lemma birkhoff_orthogonal_gap_at_ratio:
  fixes nrm :: "'a::euclidean_space \<Rightarrow> real"
  assumes sc: "strictly_convex_norm nrm" and r: "r > 0"
  obtains m where "m > 0"
    and "\<And>x y. x \<noteq> 0 \<Longrightarrow> birkhoff_orthogonal nrm x y \<Longrightarrow> nrm y = r * nrm x \<Longrightarrow>
           m * nrm x \<le> nrm (x + y) - nrm x"
proof -
  have n: "is_norm nrm" by (rule strictly_convex_norm_is_norm[OF sc])
  obtain m where "m > 0" and m: "\<And>u w. norm u = 1 \<Longrightarrow> norm w = 1 \<Longrightarrow> birkhoff_orthogonal nrm u w \<Longrightarrow>
      m * nrm u \<le> nrm (u + (r * nrm u / nrm w) *\<^sub>R w) - nrm u"
    using birkhoff_orthogonal_gap_on_spheres[OF sc r] by blast
  show ?thesis
  proof (rule that[OF \<open>m > 0\<close>])
    fix x y assume x: "x \<noteq> 0" and xy: "birkhoff_orthogonal nrm x y" and ratio: "nrm y = r * nrm x"
    have "nrm x > 0" by (rule is_norm_pos[OF n x])
    with ratio r have "nrm y > 0" by simp
    then have y: "y \<noteq> 0" using is_norm_eq_0_iff[OF n, of 0] by auto
    define u where "u = (1 / norm x) *\<^sub>R x"
    define w where "w = (1 / norm y) *\<^sub>R y"
    have "birkhoff_orthogonal nrm u w"
      unfolding u_def w_def
      by (intro birkhoff_orthogonal_scaleR_left[OF n] birkhoff_orthogonal_scaleR_right xy)
    define s where "s = r * nrm u / nrm w"
    from x y have "m * nrm u \<le> nrm (u + s *\<^sub>R w) - nrm u"
      unfolding s_def by (intro m \<open>birkhoff_orthogonal nrm u w\<close>) (simp_all add: u_def w_def)
    then have "norm x * (m * nrm u) \<le> norm x * (nrm (u + s *\<^sub>R w) - nrm u)"
      by (simp add: mult_left_mono)
    moreover have "nrm u = nrm x / norm x" "nrm w = nrm y / norm y"
      by (simp_all add: u_def w_def is_norm_scaleR[OF n])
    with x y r ratio \<open>nrm x > 0\<close> have "x + y = norm x *\<^sub>R (u + s *\<^sub>R w)"
      by (simp add: u_def w_def s_def algebra_simps)
    then have "nrm (x + y) = norm x * nrm (u + s *\<^sub>R w)"
      by (simp add: is_norm_scaleR[OF n])
    moreover have "nrm x = norm x * nrm u"
      using x by (simp add: u_def is_norm_scaleR[OF n])
    ultimately show "m * nrm x \<le> nrm (x + y) - nrm x"
      by (simp add: algebra_simps)
  qed
qed
(* Let $\{x_j\}_{j\ge1}$ be a bounded sequence in $\mathbb{R}$ taking infinitely many distinct values, and $\{a_j\}_{j\ge1}$ a summable sequence of positive numbers. Let $\mu=\sum_{j\ge1}a_j\delta_{x_j}$ and $d=\sup_{j,k}|x_j-x_k|$. Then the monic orthogonal polynomials $P_n(x;d\mu)$ satisfy, for all $n\ge1$, $$\|P_n\|_{L^2(\mathbb{R},d\mu)}\le d^n\Bigl(\sum_{j=n+1}^\infty a_j\Bigr)^{1/2}.$$ *)

theory Defs
  imports "HOL-Analysis.Analysis" "HOL-Computational_Algebra.Polynomial"
begin

text \<open>Discrete measure mu = sum_j a_j delta_{x_j} (0-based indices here).
  L2(mu) inner product of polynomials, written out as the series it unfolds to.\<close>

definition disc_inner :: "(nat \<Rightarrow> real) \<Rightarrow> (nat \<Rightarrow> real) \<Rightarrow> real poly \<Rightarrow> real poly \<Rightarrow> real" where
  "disc_inner a x p q = (\<Sum>j. a j * poly p (x j) * poly q (x j))"

definition disc_L2norm :: "(nat \<Rightarrow> real) \<Rightarrow> (nat \<Rightarrow> real) \<Rightarrow> real poly \<Rightarrow> real" where
  "disc_L2norm a x p = sqrt (\<Sum>j. a j * (poly p (x j))\<^sup>2)"

definition monic_orth_poly :: "(nat \<Rightarrow> real) \<Rightarrow> (nat \<Rightarrow> real) \<Rightarrow> nat \<Rightarrow> real poly \<Rightarrow> bool" where
  "monic_orth_poly a x n P \<longleftrightarrow>
     degree P = n \<and> lead_coeff P = 1 \<and>
     (\<forall>q. degree q < n \<longrightarrow> disc_inner a x P q = 0)"

end

theory Submission
  imports Defs
begin

(* The bound follows from the extremal property of monic orthogonal polynomials:
   P_n minimises the weighted L2 norm among all monic polynomials of degree n,
   because P_n is orthogonal to Q - P_n for every such Q.  Testing with the node
   polynomial Q = (X - x_0) ... (X - x_{n-1}), which vanishes at the first n mass
   points and is bounded by d^n at every mass point, gives
     ||P_n||^2 <= sum_j a_j Q(x_j)^2 <= d^(2n) * sum_{j>=n} a_j. *)

lemma poly_bounded_on_bounded_range:
  fixes x :: "nat \<Rightarrow> real"
  assumes "bounded (range x)"
  obtains B where "\<And>j. \<bar>poly p (x j)\<bar> \<le> B"
proof -
  obtain R where "\<forall>y\<in>range x. norm y \<le> R" using assms bounded_pos by blast
  then have R: "\<And>j. norm (x j) \<le> R" by simp
  have "bounded (poly p ` cball 0 R)"
    by (intro compact_imp_bounded compact_continuous_image continuous_intros) auto
  then obtain B where B: "\<forall>y\<in>poly p ` cball 0 R. norm y \<le> B"
    using bounded_pos by blast
  have "\<bar>poly p (x j)\<bar> \<le> B" for j
    using B R[of j] by simp
  then show ?thesis by (rule that)
qed

lemma summable_weighted_poly_product:
  fixes x a :: "nat \<Rightarrow> real"
  assumes "bounded (range x)" "\<And>j. a j \<ge> 0" "summable a"
  shows "summable (\<lambda>j. a j * poly p (x j) * poly q (x j))"
proof -
  obtain B1 where B1: "\<And>j. \<bar>poly p (x j)\<bar> \<le> B1"
    using poly_bounded_on_bounded_range[OF assms(1)] by blast
  obtain B2 where B2: "\<And>j. \<bar>poly q (x j)\<bar> \<le> B2"
    using poly_bounded_on_bounded_range[OF assms(1)] by blast
  have "\<bar>poly p (x j)\<bar> * \<bar>poly q (x j)\<bar> \<le> B1 * B2" for j
    using B1[of j] B2[of j] by (intro mult_mono) (auto intro: order_trans[OF abs_ge_zero])
  then have bound: "norm (a j * poly p (x j) * poly q (x j)) \<le> a j * (B1 * B2)" for j
    using assms(2)[of j] by (simp add: abs_mult mult.assoc mult_left_mono)
  have "summable (\<lambda>j. a j * (B1 * B2))" using assms(3) by (rule summable_mult2)
  then show ?thesis using bound by (rule summable_comparison_test')
qed

lemma degree_diff_monic_less:
  fixes P Q :: "'a::comm_ring_1 poly"
  assumes "degree P = n" "lead_coeff P = 1" "degree Q = n" "lead_coeff Q = 1" "n \<ge> 1"
  shows "degree (Q - P) < n"
proof (rule ccontr)
  assume "\<not> degree (Q - P) < n"
  moreover have "degree (Q - P) \<le> n" using assms degree_diff_le[of Q n P] by simp
  ultimately have deg: "degree (Q - P) = n" by simp
  have "coeff (Q - P) n = 0" using assms by simp
  then have "Q - P = 0" using deg by (metis leading_coeff_0_iff)
  then show False using deg assms(5) by simp
qed

lemma monic_orth_poly_minimal:
  fixes x a :: "nat \<Rightarrow> real"
  assumes bounded: "bounded (range x)" and nonneg: "\<And>j. a j \<ge> 0" and "summable a"
    and "n \<ge> 1" and orth: "monic_orth_poly a x n P"
    and "degree Q = n" and "lead_coeff Q = 1"
  shows "(\<Sum>j. a j * (poly P (x j))\<^sup>2) \<le> (\<Sum>j. a j * (poly Q (x j))\<^sup>2)"
proof -
  define R where "R = Q - P"
  have "degree R < n"
    using orth assms(4,6,7) degree_diff_monic_less unfolding R_def monic_orth_poly_def by blast
  then have cross: "(\<Sum>j. a j * poly P (x j) * poly R (x j)) = 0"
    using orth unfolding monic_orth_poly_def disc_inner_def by blast
  have sum: "summable (\<lambda>j. a j * poly p (x j) * poly q (x j))" for p q
    using summable_weighted_poly_product[OF bounded nonneg \<open>summable a\<close>] .
  have sum_sq: "summable (\<lambda>j. a j * (poly p (x j))\<^sup>2)" for p
    using sum[of p p] by (simp add: power2_eq_square mult.assoc)
  have sum_cross: "summable (\<lambda>j. 2 * (a j * poly P (x j) * poly R (x j)))"
    using sum by (rule summable_mult)
  have expand: "a j * (poly Q (x j))\<^sup>2 = (a j * (poly P (x j))\<^sup>2
      + 2 * (a j * poly P (x j) * poly R (x j))) + a j * (poly R (x j))\<^sup>2" for j
    unfolding R_def by (simp add: power2_eq_square algebra_simps)
  have "(\<Sum>j. a j * (poly Q (x j))\<^sup>2) = (\<Sum>j. a j * (poly P (x j))\<^sup>2
      + 2 * (a j * poly P (x j) * poly R (x j))) + (\<Sum>j. a j * (poly R (x j))\<^sup>2)"
    unfolding expand by (intro suminf_add [symmetric] summable_add sum_sq sum_cross)
  also have "\<dots> = (\<Sum>j. a j * (poly P (x j))\<^sup>2) + (\<Sum>j. a j * (poly R (x j))\<^sup>2)"
    using suminf_add[OF sum_sq sum_cross] suminf_mult[OF sum, of 2] cross by simp
  moreover have "(\<Sum>j. a j * (poly R (x j))\<^sup>2) \<ge> 0"
    by (intro suminf_nonneg sum_sq) (simp add: nonneg)
  ultimately show ?thesis by linarith
qed

definition node_poly :: "(nat \<Rightarrow> real) \<Rightarrow> nat \<Rightarrow> real poly" where
  "node_poly x n = (\<Prod>j<n. [:- x j, 1:])"

lemma poly_node_poly: "poly (node_poly x n) y = (\<Prod>j<n. y - x j)"
  unfolding node_poly_def by (simp add: poly_prod)

lemma degree_node_poly: "degree (node_poly x n) = n"
  unfolding node_poly_def by (subst degree_prod_sum_eq) auto

lemma lead_coeff_node_poly: "lead_coeff (node_poly x n) = 1"
  unfolding node_poly_def by (simp add: lead_coeff_prod)

lemma node_poly_vanishes: "i < n \<Longrightarrow> poly (node_poly x n) (x i) = 0"
  unfolding poly_node_poly by (intro prod_zero) auto

lemma node_poly_bound:
  assumes "\<And>j k. \<bar>x j - x k\<bar> \<le> d"
  shows "\<bar>poly (node_poly x n) (x i)\<bar> \<le> d ^ n"
proof -
  have "\<bar>poly (node_poly x n) (x i)\<bar> = (\<Prod>j<n. \<bar>x i - x j\<bar>)"
    unfolding poly_node_poly by (rule abs_prod)
  also have "\<dots> \<le> (\<Prod>j<n. d)" by (rule prod_mono) (simp add: assms)
  finally show ?thesis by simp
qed

lemma diameter_upper:
  fixes x :: "nat \<Rightarrow> real"
  assumes "bounded (range x)"
  shows "\<bar>x j - x k\<bar> \<le> (SUP jk\<in>(UNIV :: (nat \<times> nat) set). \<bar>x (fst jk) - x (snd jk)\<bar>)"
proof -
  obtain R where "\<forall>y\<in>range x. norm y \<le> R" using assms bounded_pos by blast
  then have R: "\<And>i. norm (x i) \<le> R" by simp
  have "bdd_above ((\<lambda>jk. \<bar>x (fst jk) - x (snd jk)\<bar>) ` UNIV)"
  proof (rule bdd_aboveI2)
    fix jk :: "nat \<times> nat"
    show "\<bar>x (fst jk) - x (snd jk)\<bar> \<le> 2 * R"
      using R[of "fst jk"] R[of "snd jk"] by simp
  qed
  from cSUP_upper[OF _ this, of "(j, k)"] show ?thesis by simp
qed

lemma weighted_sum_vanishing_prefix:
  fixes a f :: "nat \<Rightarrow> real"
  assumes "\<And>j. a j \<ge> 0" "summable a"
    and vanish: "\<And>i. i < n \<Longrightarrow> f i = 0" and bound: "\<And>i. \<bar>f i\<bar> \<le> B"
  shows "(\<Sum>j. a j * (f j)\<^sup>2) \<le> B\<^sup>2 * (\<Sum>j. a (j + n))"
proof -
  have sq_le: "(f i)\<^sup>2 \<le> B\<^sup>2" for i
    using power_mono[OF bound[of i] abs_ge_zero, of 2] by simp
  have tail: "summable (\<lambda>j. a (j + n))" using assms(2) by (simp add: summable_iff_shift)
  have term_le: "a i * (f i)\<^sup>2 \<le> B\<^sup>2 * a i" for i
    using mult_left_mono[OF sq_le assms(1)] by (simp add: mult.commute)
  have sf: "summable (\<lambda>j. a j * (f j)\<^sup>2)"
  proof (rule summable_comparison_test')
    show "summable (\<lambda>j. B\<^sup>2 * a j)" using assms(2) by (rule summable_mult)
    show "norm (a j * (f j)\<^sup>2) \<le> B\<^sup>2 * a j" for j
      using term_le[of j] assms(1)[of j] by simp
  qed
  have "(\<Sum>j. a j * (f j)\<^sup>2) = (\<Sum>j. a (j + n) * (f (j + n))\<^sup>2)"
    using suminf_minus_initial_segment[OF sf, of n] vanish by simp
  also have "\<dots> \<le> (\<Sum>j. B\<^sup>2 * a (j + n))"
  proof (rule suminf_le)
    show "summable (\<lambda>j. a (j + n) * (f (j + n))\<^sup>2)"
      using sf by (subst summable_iff_shift)
    show "summable (\<lambda>j. B\<^sup>2 * a (j + n))" using tail by (rule summable_mult)
  qed (rule term_le)
  also have "\<dots> = B\<^sup>2 * (\<Sum>j. a (j + n))" using suminf_mult[OF tail] by simp
  finally show ?thesis .
qed

theorem theorem5p5:
  fixes x a :: "nat \<Rightarrow> real" and n :: nat and P :: "real poly"
  assumes "bounded (range x)"
    and "infinite (range x)"
    and "\<And>j. a j > 0"
    and "summable a"
    and "n \<ge> 1"
    and "monic_orth_poly a x n P"
  shows "disc_L2norm a x P \<le>
           (SUP jk\<in>(UNIV :: (nat \<times> nat) set). \<bar>x (fst jk) - x (snd jk)\<bar>) ^ n
           * sqrt (\<Sum>j. a (j + n))"
proof -
  define d where "d = (SUP jk\<in>(UNIV :: (nat \<times> nat) set). \<bar>x (fst jk) - x (snd jk)\<bar>)"
  define Q where "Q = node_poly x n"
  have dist_le: "\<bar>x j - x k\<bar> \<le> d" for j k
    unfolding d_def using diameter_upper[OF assms(1)] .
  have nonneg: "a j \<ge> 0" for j using assms(3)[of j] by simp
  have "(\<Sum>j. a j * (poly P (x j))\<^sup>2) \<le> (\<Sum>j. a j * (poly Q (x j))\<^sup>2)"
    unfolding Q_def
    by (rule monic_orth_poly_minimal[OF assms(1) nonneg assms(4,5,6)
          degree_node_poly lead_coeff_node_poly])
  also have "\<dots> \<le> (d ^ n)\<^sup>2 * (\<Sum>j. a (j + n))"
    unfolding Q_def
    by (rule weighted_sum_vanishing_prefix[OF nonneg assms(4)
          node_poly_vanishes node_poly_bound[OF dist_le]])
  finally have "sqrt (\<Sum>j. a j * (poly P (x j))\<^sup>2) \<le> sqrt ((d ^ n)\<^sup>2 * (\<Sum>j. a (j + n)))"
    by (rule real_sqrt_le_mono)
  also have "\<dots> = d ^ n * sqrt (\<Sum>j. a (j + n))"
    using dist_le[of 0 0] by (simp add: real_sqrt_mult)
  finally show ?thesis unfolding disc_L2norm_def d_def .
qed

end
◆ ◆ ◆ ◆ ◆ ◆ ◆
#### WORK ORDER:
Taking the line that contains "by (rule weighted_sum_vanishing_prefix[OF" as the first and the last line of the material as the final one, transcribe that span exactly and include nothing else.

#### ANSWER TO THE PROBLEM:
    by (rule weighted_sum_vanishing_prefix[OF nonneg assms(4)
          node_poly_vanishes node_poly_bound[OF dist_le]])
  finally have "sqrt (\<Sum>j. a j * (poly P (x j))\<^sup>2) \<le> sqrt ((d ^ n)\<^sup>2 * (\<Sum>j. a (j + n)))"
    by (rule real_sqrt_le_mono)
  also have "\<dots> = d ^ n * sqrt (\<Sum>j. a (j + n))"
    using dist_le[of 0 0] by (simp add: real_sqrt_mult)
  finally show ?thesis unfolding disc_L2norm_def d_def .
qed

end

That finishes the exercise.